## EXERCISE PROMPT
Of the lines below, report only those that contain "apply".

(Stored data)
text \<open>Dividing Nbi by g (g-al)(g-be) gives Hbi of bidegree (3,2); Tbi is then the
  polynomial F, and cc its coefficient grid.\<close>
lemma al0: "al \<noteq> 0" using cal by (simp add: al_def q_def)
lemma be0: "be \<noteq> 0" using cbe by (simp add: be_def)
lemma albe: "al \<noteq> be" using calbe by (simp add: al_def be_def q_def)

definition "Cg = [:-0,1:] * [:-al,1:] * [:-be,1:]"
definition "Hbi = map_poly (\<lambda>p. p div Cg) Nbi"
definition "Tbi = CC (y0*A)*PhiP*(FV - CC b) + CC (y2*B)*PhiP*(FV - CC a) + CC y1 * Hbi"
definition "cc = coeff_grid Tbi"

lemma Cg_dvd: "Cg dvd coeff Nbi i"
proof -
  have r: "\<forall>f. beval Nbi f r = 0" if "r = 0 \<or> r = al \<or> r = be" for r
    using that by (auto simp: beval_Nbi N_vanishes_0 N_vanishes_al N_vanishes_be)
  show ?thesis unfolding Cg_def
    by (rule three_roots_dvd) (use beval_root_coeff[OF r] al0 be0 albe in auto)
qed

lemma Nbi_smult: "Nbi = smult Cg Hbi"
proof (rule poly_eqI)
  fix n
  show "coeff Nbi n = coeff (smult Cg Hbi) n"
    using Cg_dvd[of n] by (simp add: Hbi_def coeff_map_poly)
qed

lemma poly_Cg: "poly Cg g = g*(g-al)*(g-be)" by (simp add: Cg_def algebra_simps)
lemma Cg0: "Cg \<noteq> 0" unfolding Cg_def by simp
lemma Cg_deg: "degree Cg = 3"
  unfolding Cg_def by (subst degree_mult_eq; simp)+
lemma Cg_lead: "coeff Cg 3 = 1"
proof -
  have "lead_coeff Cg = 1" unfolding Cg_def by (simp add: lead_coeff_mult)
  then show ?thesis using Cg_deg by simp
qed

lemma beval_Nbi_H: "beval Nbi f g = g*(g-al)*(g-be) * beval Hbi f g"
proof -
  have "beval Nbi f g = poly (Cg * poly Hbi [:f:]) g"
    by (subst Nbi_smult) (simp add: beval_def)
  then show ?thesis by (simp add: poly_Cg beval_def)
qed

lemma bideg_le_Hbi: "bideg_le Hbi 3 2"
  unfolding bideg_le_def
proof (intro conjI allI)
  show "degree Hbi \<le> 3" unfolding Hbi_def
    using bideg_le_Nbi map_poly_degree_leq[of "\<lambda>p. p div Cg" Nbi] by (simp add: bideg_le_def)
  fix i
  have ci: "coeff Hbi i = coeff Nbi i div Cg" by (simp add: Hbi_def coeff_map_poly)
  show "degree (coeff Hbi i) \<le> 2"
  proof (cases "coeff Hbi i = 0")
    case False
    have e: "coeff Nbi i = Cg * coeff Hbi i" using Cg_dvd[of i] ci by simp
    have "degree (coeff Nbi i) = 3 + degree (coeff Hbi i)"
      unfolding e using Cg0 False by (simp add: degree_mult_eq Cg_deg)
    moreover have "degree (coeff Nbi i) \<le> 5" using bideg_le_Nbi by (simp add: bideg_le_def)
    ultimately show ?thesis by simp
  qed simp
qed

lemma bideg_le_Tbi: "bideg_le Tbi 3 2"
proof -
  have "bideg_le Tbi (2+1) (2+0)" unfolding Tbi_def
    by (intro bideg_le_add bideg_le_CCmult bideg_le_mult[OF bideg_le_CCmult[OF bideg_le_PhiP] bideg_le_FVc] bideg_le_mono[OF bideg_le_Hbi]) simp_all
  then show ?thesis by simp
qed

lemma beval_Tbi: "beval Tbi f g = y0*A*phi h1 h2 f g*(f-b) + y2*B*phi h1 h2 f g*(f-a) + y1*beval Hbi f g"
  unfolding Tbi_def by (simp add: beval_PhiP)

text \<open>The f^3 g^2 coefficient of cc comes only from the third term of L1 and is nonzero.\<close>
lemma top_PhiP: "coeff (coeff PhiP 2) 2 = 0"
proof -
  have b1: "bideg_le (FV - GV) 1 1" by (intro bideg_leI) simp_all
  have b2: "bideg_le (CC (1/h1)*FV - CC (1/h2)*GV) 1 1" by (intro bideg_leI) simp_all
  show ?thesis unfolding PhiP_def
    by (simp add: top_mult[OF b1 b2] del: coeff_CC_mult) (simp add: FV_def GV_def CC_def coeff_pCons numeral_2_eq_2)
qed

lemma top_Vp: "coeff (coeff Vp 1) 5 = h1*h2^3 - h1^2*h2^2"
proof -
  have t1: "coeff (coeff ((X1p + CC q*GV^2)*Pdp) 1) 5 = 0"
    apply (subst top_mult[OF bideg_le_P1 bideg_le_Pdp]) apply simp_all
    using bideg_le_coeff_in[OF bideg_le_X1p, of 2 1] by (simp add: GV_pow CC_def)
  have t2: "coeff (coeff ((Y1p + CC (h1^2*h2^2)*GV^2)*Pnp) 1) 5 = 0"
    apply (subst top_mult[OF bideg_le_P2 bideg_le_Pnp]) apply simp_all
    using bideg_le_coeff_in[OF bideg_le_Y1p, of 2 1] by (simp add: GV_pow CC_def)
  have b3: "bideg_le (CC (m 8)*X1p - CC (m 0)*Y1p) 1 1" by (intro bideg_le_diff bideg_le_CCmult bideg_le_X1p bideg_le_Y1p)
  have tx: "coeff (coeff X1p 1) 1 = - q"
    unfolding X1p_def by (simp add: FV_def GV_def CC_def)
  have ty: "coeff (coeff Y1p 1) 1 = - h1*h2^3"
    unfolding Y1p_def using h1 h2 by (simp add: FV_def GV_def CC_def power2_eq_square power3_eq_cube power4_eq_xxxx field_simps)
  have t3: "coeff (coeff (GV^4*(CC (m 8)*X1p - CC (m 0)*Y1p)) 1) 5 = h1*h2^3 - h1^2*h2^2"
    apply (subst top_mult[OF bideg_le_GVpow[of 4 4 0] b3]) apply simp_all
    using qm8 m0 tx ty by (simp add: GV_pow algebra_simps)
  show ?thesis unfolding Vp_def using t1 t2 t3 by simp
qed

## EXPECTED ANSWER
    apply (subst top_mult[OF bideg_le_P1 bideg_le_Pdp]) apply simp_all
    apply (subst top_mult[OF bideg_le_P2 bideg_le_Pnp]) apply simp_all
    apply (subst top_mult[OF bideg_le_GVpow[of 4 4 0] b3]) apply simp_all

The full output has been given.